Вечная битва против врага, армия которого в сто раз больше, чем количество жителей в этом городе, которого сложно поймать и который обычно нападает среди ночи.
Клоны.
Все четыре ножки кровати стоят в консервных банках, полных керосина. Ингеборг заткнула все щели и отверстия в полу и стенах вымоченными в керосине тряпками. Она даже вымазала потолок над кроватью этой вонючей жидкостью. Сань принес сноп соломы для матраса, а Ингеборг выстирала постельное белье во дворе. Теперь кровать высится у стены белым нетронутым сугробом.
Ингеборг сидит на табурете у печки и массирует колени. Это началось прошлой зимой. С наступлением холодов у нее болят колени после многократных походов вниз-вверх по лестницам с тяжеленной корзиной белья. По утрам ей трудно сгибать пальцы. У нее улучшается настроение, когда она смотрит на кровать. Новая кровать, новый год, 1906-й.
Сань стоит у окна и смотрит на демонстрацию внизу. До Ингеборг доносятся невнятные крики и иногда звуки, похожие на барабанную дробь.
Что-то заставляет ее подняться и подойти к кровати. Черная точка величиной с булавочную головку посреди нетронутой белизны. Она наклоняется так низко, что различает краснокоричневую головку и ножки клопа, хватает его и раздавливает между большим и указательным пальцами. Подходит к окну, открывает задвижку свободной рукой и выбрасывает клопа на улицу. Холодный ветер врывается внутрь вместе с криками толпы и барабанным боем. После демонстрантов в тонком слое снега остается темный след.

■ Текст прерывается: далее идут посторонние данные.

(* Let $\phi$ be an admissible action density and let $\tilde\phi$ be its partial Legendre transform. Then: (1) For every $\rho>0$ the map $w\mapsto\phi(\rho,w)^{1/p}$ is a norm on $\mathbb R^d$ whose dual norm is $z\mapsto\tilde\phi(\rho,z)^{1/q}$, i.e. $\tilde\phi(\rho,z)^{1/q}=\sup_{w\neq0}\frac{w\cdot z}{\phi(\rho,w)^{1/p}}$ and $\phi(\rho,w)^{1/p}=\sup_{z\ne0}\frac{w\cdot z}{\tilde\phi(\rho,z)^{1/q}}$; in particular $\tilde\phi(\rho,\cdot)$ is $q$-homogeneous. (2) $\tilde\phi$ takes values in $[0,\infty)$ and, for every $z\in\mathbb R^d$, $\rho\mapsto\tilde\phi(\rho,z)$ is concave and nondecreasing on $(0,\infty)$; for every $w\in\mathbb R^d$, $\rho\mapsto\phi(\rho,w)$ is convex and nonincreasing on $(0,\infty)$. (3) There exist constants $a,b\ge0$, not both zero, such that $\tilde\phi(\rho,z)\le(a+b\rho)|z|^q$ and $\phi(\rho,w)\ge(a+b\rho)^{1-p}|w|^p$ for all $\rho>0$, $z,w\in\mathbb R^d$. (4) For every compact interval $[\rho_0,\rho_1]\subset(0,\infty)$ there is $C>0$ such that for all $\rho\in[\rho_0,\rho_1]$ and $w,z\in\mathbb R^d$: $C^{-1}|w|^p\le\phi(\rho,w)\le C|w|^p$ and $C^{-1}|z|^q\le\tilde\phi(\rho,z)\le C|z|^q$. Conversely, a function $\phi:(0,\infty)\times\mathbb R^d\to[0,\infty)$ is an admissible action density if and only if it admits the representation $\frac1p\phi(\rho,w)=\sup_{z\in\mathbb R^d}\big(w\cdot z-\frac1q\tilde\phi(\rho,z)\big)$ for all $\rho>0,w\in\mathbb R^d$, for some function $\tilde\phi:(0,\infty)\times\mathbb R^d\to[0,\infty)$ which is convex and $q$-homogeneous in $z$, satisfies $\tilde\phi(\rho,z)>0$ for $z\neq0$, and is concave in $\rho$.
   Context: $p\in(1,\infty)$ and $q=p/(p-1)$. An admissible action density is a function $\phi:(0,\infty)\times\mathbb R^d\to[0,\infty)$ which is convex, satisfies $\phi(\rho,\lambda w)=|\lambda|^p\phi(\rho,w)$ for all $\rho>0,\lambda\in\mathbb R,w\in\mathbb R^d$, and for which there is $\rho_0>0$ with $\phi(\rho_0,w)>0$ for all $w\ne0$. Its partial Legendre transform $\tilde\phi:(0,\infty)\times\mathbb R^d\to(-\infty,+\infty]$ is defined by $\frac1q\tilde\phi(\rho,z):=\sup_{w\in\mathbb R^d}\big(z\cdot w-\frac1p\phi(\rho,w)\big)$. *)

theory Defs
  imports "HOL-Analysis.Analysis"
begin

text \<open>Functions on (0,infinity) x R^d are modelled as total functions
  real => 'a => real, with all conditions restricted to rho > 0.\<close>

definition admissible :: "real \<Rightarrow> (real \<Rightarrow> 'a::euclidean_space \<Rightarrow> real) \<Rightarrow> bool" where
  "admissible p \<phi> \<longleftrightarrow>
     (\<forall>\<rho>>0. \<forall>w. 0 \<le> \<phi> \<rho> w) \<and>
     convex_on ({0<..} \<times> UNIV) (\<lambda>x. \<phi> (fst x) (snd x)) \<and>
     (\<forall>\<rho>>0. \<forall>t w. \<phi> \<rho> (t *\<^sub>R w) = \<bar>t\<bar> powr p * \<phi> \<rho> w) \<and>
     (\<exists>\<rho>0>0. \<forall>w. w \<noteq> 0 \<longrightarrow> \<phi> \<rho>0 w > 0)"

definition legendre_ereal ::
  "real \<Rightarrow> real \<Rightarrow> (real \<Rightarrow> 'a::euclidean_space \<Rightarrow> real) \<Rightarrow> real \<Rightarrow> 'a \<Rightarrow> ereal" where
  "legendre_ereal p q \<phi> \<rho> z = ereal q * (SUP w. ereal (z \<bullet> w - \<phi> \<rho> w / p))"

text \<open>Its real-valued version (meaningful once finiteness is known).\<close>
definition legendre ::
  "real \<Rightarrow> real \<Rightarrow> (real \<Rightarrow> 'a::euclidean_space \<Rightarrow> real) \<Rightarrow> real \<Rightarrow> 'a \<Rightarrow> real" where
  "legendre p q \<phi> \<rho> z = real_of_ereal (legendre_ereal p q \<phi> \<rho> z)"

definition is_norm :: "('a::real_vector \<Rightarrow> real) \<Rightarrow> bool" where
  "is_norm N \<longleftrightarrow> (\<forall>x. 0 \<le> N x) \<and> (\<forall>x. N x = 0 \<longleftrightarrow> x = 0) \<and>
     (\<forall>c x. N (c *\<^sub>R x) = \<bar>c\<bar> * N x) \<and> (\<forall>x y. N (x + y) \<le> N x + N y)"

end

theory Submission
  imports Defs
begin

text \<open>
  For a fixed density \<open>\<rho>\<close>, an admissible action density
  \<open>\<phi>(\<rho>,\<cdot>)\<close> is a \<^emph>\<open>\<open>p\<close>-gauge\<close>: convex, \<open>p\<close>-homogeneous and positive off the origin.  Comparisons of \<open>f\<close> with \<open>|w|^p\<close> transfer to \<open>dual^q\<close> via the
  explicit Legendre transform of \<open>c |w|^p / p\<close>.

  Concavity and nonnegativity give linear growth of \<open>\<psi>\<close> in \<open>\<rho>\<close>, hence the global and
  local two-sided bounds.
\<close>

locale conjugate_exponents =
  fixes p q :: real
  assumes p_gt1: "p > 1" and q_eq: "q = p / (p - 1)"
begin

lemma q_gt1: "q > 1" unfolding q_eq using p_gt1 by (simp add: less_divide_eq)
lemma p_pos: "p > 0" using p_gt1 by simp
lemma q_pos: "q > 0" using q_gt1 by simp
lemma inverse_sum: "1/p + 1/q = 1" unfolding q_eq using p_gt1 by (simp add: field_simps)
lemma q_minus_1_times_p: "(q - 1) * p = q" unfolding q_eq using p_gt1 by (simp add: field_simps)

lemma swap: "conjugate_exponents q p"
proof
  show "q > 1" by (rule q_gt1)
  have "p - 1 \<noteq> 0" using p_gt1 by simp
  thus "p = q / (q - 1)" unfolding q_eq by (simp add: field_simps)
qed

lemma sub_div_p: "x - x / p = x / q"
proof -
  have "1/q = 1 - 1/p" using inverse_sum by linarith
  hence "x / q = x * (1 - 1/p)" by (metis times_divide_eq_right mult.right_neutral)
  thus ?thesis by (simp add: right_diff_distrib)
qed
lemma incomparable_seq_append:
  "incomparable_seq X le (p @ q) \<longleftrightarrow> incomparable_seq X le p \<and> incomparable_seq X le q \<and>
     (\<forall>x\<in>set p. \<forall>y\<in>set q. \<not> le x y \<and> \<not> le y x)"
  (is "?lhs \<longleftrightarrow> ?rhs")
proof
  assume ?lhs
  then have set: "set p \<subseteq> X" "set q \<subseteq> X"
    and incomp: "\<And>i j. i < length (p @ q) \<Longrightarrow> j < length (p @ q) \<Longrightarrow> i \<noteq> j \<Longrightarrow>
                   \<not> le ((p @ q) ! i) ((p @ q) ! j)"
    by (auto simp: incomparable_seq_def)
  have "incomparable_seq X le p"
    unfolding incomparable_seq_def
  proof (intro conjI allI impI)
    fix i j assume "i < length p" "j < length p" "i \<noteq> j"
    then show "\<not> le (p ! i) (p ! j)" using incomp[of i j] by (simp add: nth_append)
  qed (use set in simp)
  moreover have "incomparable_seq X le q"
    unfolding incomparable_seq_def
  proof (intro conjI allI impI)
    fix i j assume "i < length q" "j < length q" "i \<noteq> j"
    then show "\<not> le (q ! i) (q ! j)"
      using incomp[of "length p + i" "length p + j"] by (simp add: nth_append)
  qed (use set in simp)
  moreover have "\<not> le x y \<and> \<not> le y x" if "x \<in> set p" "y \<in> set q" for x y
  proof -
    obtain i where "i < length p" "x = p ! i" using \<open>x \<in> set p\<close> by (auto simp: in_set_conv_nth)
    moreover obtain j where "j < length q" "y = q ! j" using \<open>y \<in> set q\<close> by (auto simp: in_set_conv_nth)
    ultimately show ?thesis
      using incomp[of i "length p + j"] incomp[of "length p + j" i] by (simp add: nth_append)
  qed
  ultimately show ?rhs by blast
next
  assume ?rhs
  then have p: "incomparable_seq X le p" and q: "incomparable_seq X le q"
    and cross: "\<And>x y. x \<in> set p \<Longrightarrow> y \<in> set q \<Longrightarrow> \<not> le x y \<and> \<not> le y x"
    by auto
  show ?lhs
    unfolding incomparable_seq_def
  proof (intro conjI allI impI)
    show "set (p @ q) \<subseteq> X" using p q by (simp add: incomparable_seq_def)
    fix i j assume "i < length (p @ q)" "j < length (p @ q)" "i \<noteq> j"
    then show "\<not> le ((p @ q) ! i) ((p @ q) ! j)"
      using p q cross[OF nth_mem nth_mem, of i j] cross[OF nth_mem nth_mem, of j "i - length p"]
        cross[OF nth_mem nth_mem, of i "j - length p"]
      by (cases "i < length p"; cases "j < length p") (auto simp: nth_append incomparable_seq_def)
  qed
qed
primrec sat :: "('w, 'a, 'p) kmodel \<Rightarrow> 'w \<Rightarrow> ('p, 'a) fm \<Rightarrow> bool" where
  "sat M w (Atom p) = (w \<in> Val M p)"
| "sat M w (Neg \<phi>) = (\<not> sat M w \<phi>)"
| "sat M w (Conj \<phi> \<psi>) = (sat M w \<phi> \<and> sat M w \<psi>)"
| "sat M w (K a \<phi>) = (\<forall>v \<in> W M. (w, v) \<in> Rel M a \<longrightarrow> sat M v \<phi>)"
| "sat M w (Ann \<phi> \<psi>) =
     (sat M w \<phi> \<longrightarrow> sat (restrict M {v. sat M v \<phi>}) w \<psi>)"
| "sat M w (GAnn G \<chi> \<phi>) =
     (sat M w \<chi> \<and>
      (\<forall>phis. EL_family G phis \<longrightarrow>
         ((sat_G M w G phis \<and> sat M w \<chi>) \<longrightarrow>
          sat (restrict M {v. sat_G M v G phis \<and> sat M v \<chi>}) w \<phi>)))"
| "sat M w (CoAnn G \<phi>) =
     (\<forall>phis. EL_family G phis \<longrightarrow>
       (\<exists>chis. EL_family (- G) chis \<and>
          (sat_G M w G phis \<longrightarrow>
             (sat_G M w G phis \<and> sat_G M w (- G) chis \<and>
              sat (restrict M {v. sat_G M v G phis \<and> sat_G M v (- G) chis}) w \<phi>))))"

definition valid :: "'w itself \<Rightarrow> ('p, 'a) fm \<Rightarrow> bool" where
  "valid (_ :: 'w itself) \<phi> \<longleftrightarrow> (\<forall>(M :: ('w, 'a, 'p) kmodel) w. is_model M \<and> w \<in> W M \<longrightarrow> sat M w \<phi>)"

end

theory Submission
  imports Defs
begin

text \<open>Fix \<open>\<chi>\<close> for the coalition \<open>A \<setminus> G\<close>. The outer \<open>\<langle>[G]\<rangle>\<close> yields an announcement \<open>\<psi>\<close>
  of \<open>G\<close> after which, whatever \<open>A \<setminus> G\<close> says (in particular \<open>\<chi>\<close>), \<open>\<langle>[G]\<rangle>\<phi>\<close> holds; the inner
  \<open>\<langle>[G]\<rangle>\<close>, instantiated with the trivial counter-announcement, yields a second announcement
  \<open>\<psi>\<^sub>2\<close> of \<open>G\<close> after which \<open>\<phi>\<close> holds. Both successive announcements of \<open>G\<close> are merged into
  one: with \<open>\<theta> = \<psi> \<and> \<chi>\<close>, the formula \<open>\<And>\<^sub>i\<^sub>\<in>\<^sub>G K\<^sub>i(\<psi>\<^sub>i \<and> (\<psi>\<^sub>2\<^sub>,\<^sub>i)\<^sup>\<theta>)\<close>, where \<open>(\<cdot>)\<^sup>\<theta>\<close> is the
  relativisation expressing \<open>[\<theta>]\<cdot>\<close> in epistemic logic, is again an announcement of \<open>G\<close>, and
  announcing it together with \<open>\<chi>\<close> has the same effect as announcing \<open>\<psi> \<and> \<chi>\<close> and then \<open>\<psi>\<^sub>2\<close>.\<close>

definition top :: "('p, 'a) fm" where
  "top = Neg (Conj (Atom undefined) (Neg (Atom undefined)))"

lemma sat_EL_top [simp]: "sat_EL M v top" and is_EL_top [simp]: "is_EL top"
  by (auto simp: top_def)

definition conj_K :: "'a list \<Rightarrow> ('a \<Rightarrow> ('p, 'a) fm) \<Rightarrow> ('p, 'a) fm" where
  "conj_K xs f = foldr (\<lambda>i \<theta>. Conj (K i (f i)) \<theta>) xs top"

lemma sat_EL_conj_K: "sat_EL M v (conj_K xs f) \<longleftrightarrow> (\<forall>i\<in>set xs. sat_EL M v (K i (f i)))"
  by (induction xs) (auto simp: conj_K_def)

lemma is_EL_conj_K: "\<forall>i\<in>set xs. is_EL (f i) \<Longrightarrow> is_EL (conj_K xs f)"
  by (induction xs) (auto simp: conj_K_def)

lemma sat_G_EL_definable:
  assumes "finite G" "EL_family G f"
  obtains \<theta> where "is_EL \<theta>" "\<And>M v. sat_EL M v \<theta> \<longleftrightarrow> sat_G M v G f"
proof -
  obtain xs where "set xs = G"
    using finite_list[OF \<open>finite G\<close>] by blast
  with assms(2) show thesis
    by (intro that[of "conj_K xs f"])
      (auto simp: EL_family_def sat_G_def sat_EL_conj_K is_EL_conj_K simp del: sat_EL.simps(4))
qed

lemma sat_G_Conj: "sat_G M v G (\<lambda>i. Conj (f i) (g i)) \<longleftrightarrow> sat_G M v G f \<and> sat_G M v G g"
  by (auto simp: sat_G_def)

lemma sat_G_top: "sat_G M v G (\<lambda>_. top)"
  by (simp add: sat_G_def)

lemma sat_G_outside_worlds:
  assumes "\<And>a. Rel M a \<subseteq> W M \<times> W M" "v \<notin> W M"
  shows "sat_G M v G f"
  using assms by (auto simp: sat_G_def)

lemma is_model_Rel_subset: "is_model M \<Longrightarrow> Rel M a \<subseteq> W M \<times> W M"
  unfolding is_model_def equiv_def refl_on_def by blast

lemma restrict_restrict: "restrict (restrict M S) T = restrict M (S \<inter> T)"
  by (auto simp: restrict_def)

text \<open>The reduction axioms of public announcement logic, read as a translation of \<open>[\<theta>]a\<close> for
  epistemic \<open>a\<close>; the dynamic operators never occur there and are mapped to \<open>top\<close>.\<close>

primrec relativize :: "('p, 'a) fm \<Rightarrow> ('p, 'a) fm \<Rightarrow> ('p, 'a) fm" where
  "relativize \<theta> (Atom p) = Imp \<theta> (Atom p)"
| "relativize \<theta> (Neg a) = Imp \<theta> (Neg (relativize \<theta> a))"
| "relativize \<theta> (Conj a b) = Conj (relativize \<theta> a) (relativize \<theta> b)"
| "relativize \<theta> (K i a) = Imp \<theta> (K i (relativize \<theta> a))"
| "relativize \<theta> (Ann a b) = top"
| "relativize \<theta> (GAnn H a b) = top"
| "relativize \<theta> (CoAnn H a) = top"

lemma is_EL_relativize: "is_EL \<theta> \<Longrightarrow> is_EL a \<Longrightarrow> is_EL (relativize \<theta> a)"
  by (induction a) (auto simp: Imp_def)

lemma sat_EL_relativize:
  "is_EL a \<Longrightarrow> v \<in> W M \<Longrightarrow> sat_EL M v (relativize \<theta> a) \<longleftrightarrow>
    (sat_EL M v \<theta> \<longrightarrow> sat_EL (restrict M {u. sat_EL M u \<theta>}) v a)"
  by (induction a arbitrary: v) (auto simp: Imp_def restrict_def)

lemma sat_G_relativize:
  assumes "is_model M" "EL_family G f" "v \<in> W M" "sat_EL M v \<theta>"
  shows "sat_G M v G (\<lambda>i. relativize \<theta> (f i)) \<longleftrightarrow> sat_G (restrict M {u. sat_EL M u \<theta>}) v G f"
  using assms is_model_Rel_subset[OF assms(1)]
  by (fastforce simp: sat_G_def EL_family_def sat_EL_relativize restrict_def)

lemma restrict_announce_relativize:
  assumes "is_model M" "EL_family G f"
  shows "restrict M {v. sat_EL M v \<theta> \<and> sat_G M v G (\<lambda>i. relativize \<theta> (f i))} =
    restrict (restrict M {v. sat_EL M v \<theta>}) {v. sat_G (restrict M {u. sat_EL M u \<theta>}) v G f}"
proof -
  let ?M\<^sub>\<theta> = "restrict M {u. sat_EL M u \<theta>}"
  have "sat_G M v G (\<lambda>i. relativize \<theta> (f i)) \<longleftrightarrow> sat_G ?M\<^sub>\<theta> v G f" if "sat_EL M v \<theta>" for v
  proof (cases "v \<in> W M")
    case True
    with that assms show ?thesis by (simp add: sat_G_relativize)
  next
    case False
    have "\<And>a. Rel ?M\<^sub>\<theta> a \<subseteq> W ?M\<^sub>\<theta> \<times> W ?M\<^sub>\<theta>" "v \<notin> W ?M\<^sub>\<theta>"
      using False by (auto simp: restrict_def)
    with False show ?thesis
      using sat_G_outside_worlds is_model_Rel_subset[OF assms(1)] by metis
  qed
  then have "{v. sat_EL M v \<theta> \<and> sat_G M v G (\<lambda>i. relativize \<theta> (f i))} =
      {v. sat_EL M v \<theta>} \<inter> {v. sat_G ?M\<^sub>\<theta> v G f}"
    by blast
  then show ?thesis
    by (simp add: restrict_restrict)
qed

Ингеборг спешит закрыть окно, беспокоясь о здоровье Саня. Он ежится, прижимая подбородок к груди, возможно, подавляет кашель.
Видит ли он там вообще что-нибудь?
Сквозь запотевшее стекло в полосках влаги демонстранты кажутся танцующими тенями, идущими по дну темного оврага. Ингеборг достает тряпку из передника и вытирает влагу сначала с холодного стекла, потом с черного трухлявого подоконника. Когда ветер дует прямо в окно, кажется, что между комнатой и зимой не больше, чем тонкий лист бумаги.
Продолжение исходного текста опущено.